Collected data entries
=== Begin Enclosure ===
lemma conv_beam_eq_nn_integral:
  assumes [measurable]: "h \<in> borel_measurable borel"
    and h_bound: "\<And>r. 0 \<le> h r \<and> h r \<le> F" and "0 < p"
  shows "ennreal (conv_beam h p z) = ennreal (p / pi * exp (- p * (norm z)\<^sup>2)) *
    (\<integral>\<^sup>+w. ennreal (h (norm w) * exp (- p * (norm w)\<^sup>2)) * ennreal (exp (((2 * p) *\<^sub>R z) \<bullet> w)) \<partial>lborel)"
proof -
  have "integrable lborel (\<lambda>w. h (norm w) * gauss_beam p (z - w))"
  proof (rule Bochner_Integration.integrable_bound)
    show "integrable lborel (\<lambda>w. F * gauss_beam p (z - w))"
      using has_bochner_integral_gauss_beam[OF \<open>0 < p\<close>, of z]
      by (intro integrable_mult_right) (simp add: has_bochner_integral_iff)
    show "AE w in lborel. norm (h (norm w) * gauss_beam p (z - w)) \<le> norm (F * gauss_beam p (z - w))"
    proof (rule AE_I2)
      fix w :: "real \<times> real"
      have "0 \<le> gauss_beam p (z - w)"
        using \<open>0 < p\<close> by (simp add: gauss_beam_def)
      then show "norm (h (norm w) * gauss_beam p (z - w)) \<le> norm (F * gauss_beam p (z - w))"
        using h_bound[of "norm w"] by (simp add: abs_mult mult_right_mono)
    qed
  qed measurable
  then have "ennreal (conv_beam h p z) = (\<integral>\<^sup>+w. ennreal (h (norm w) * gauss_beam p (z - w)) \<partial>lborel)"
    using h_bound \<open>0 < p\<close> by (simp add: conv_beam_def nn_integral_eq_integral gauss_beam_def)
  also have "\<dots> = (\<integral>\<^sup>+w. ennreal (p / pi * exp (- p * (norm z)\<^sup>2)) *
      (ennreal (h (norm w) * exp (- p * (norm w)\<^sup>2)) * ennreal (exp (((2 * p) *\<^sub>R z) \<bullet> w))) \<partial>lborel)"
  proof (intro nn_integral_cong)
    fix w :: "real \<times> real"
    have c: "0 \<le> p / pi * exp (- p * (norm z)\<^sup>2)" and a: "0 \<le> h (norm w) * exp (- p * (norm w)\<^sup>2)"
      using h_bound[of "norm w"] \<open>0 < p\<close> by auto
    have "h (norm w) * gauss_beam p (z - w) =
        p / pi * exp (- p * (norm z)\<^sup>2) * (h (norm w) * exp (- p * (norm w)\<^sup>2) * exp (((2 * p) *\<^sub>R z) \<bullet> w))"
      by (simp add: gauss_beam_diff mult_ac)
    then show "ennreal (h (norm w) * gauss_beam p (z - w)) = ennreal (p / pi * exp (- p * (norm z)\<^sup>2)) *
        (ennreal (h (norm w) * exp (- p * (norm w)\<^sup>2)) * ennreal (exp (((2 * p) *\<^sub>R z) \<bullet> w)))"
      by (simp only: ennreal_mult[OF c mult_nonneg_nonneg[OF a exp_ge_zero]] ennreal_mult[OF a exp_ge_zero])
  qed
  also have "\<dots> = ennreal (p / pi * exp (- p * (norm z)\<^sup>2)) *
    (\<integral>\<^sup>+w. ennreal (h (norm w) * exp (- p * (norm w)\<^sup>2)) * ennreal (exp (((2 * p) *\<^sub>R z) \<bullet> w)) \<partial>lborel)"
    by (rule nn_integral_cmult) measurable
  finally show ?thesis .
qed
=== End Enclosure ===
= What the exercise asks =
Reprint exactly the lines above that start at the one with "0 \<le> h r" and end at the one with "lborel (\<lambda>w. h", keeping both and adding none.

= Response box =
    and h_bound: "\<And>r. 0 \<le> h r \<and> h r \<le> F" and "0 < p"
  shows "ennreal (conv_beam h p z) = ennreal (p / pi * exp (- p * (norm z)\<^sup>2)) *
    (\<integral>\<^sup>+w. ennreal (h (norm w) * exp (- p * (norm w)\<^sup>2)) * ennreal (exp (((2 * p) *\<^sub>R z) \<bullet> w)) \<partial>lborel)"
proof -
  have "integrable lborel (\<lambda>w. h (norm w) * gauss_beam p (z - w))"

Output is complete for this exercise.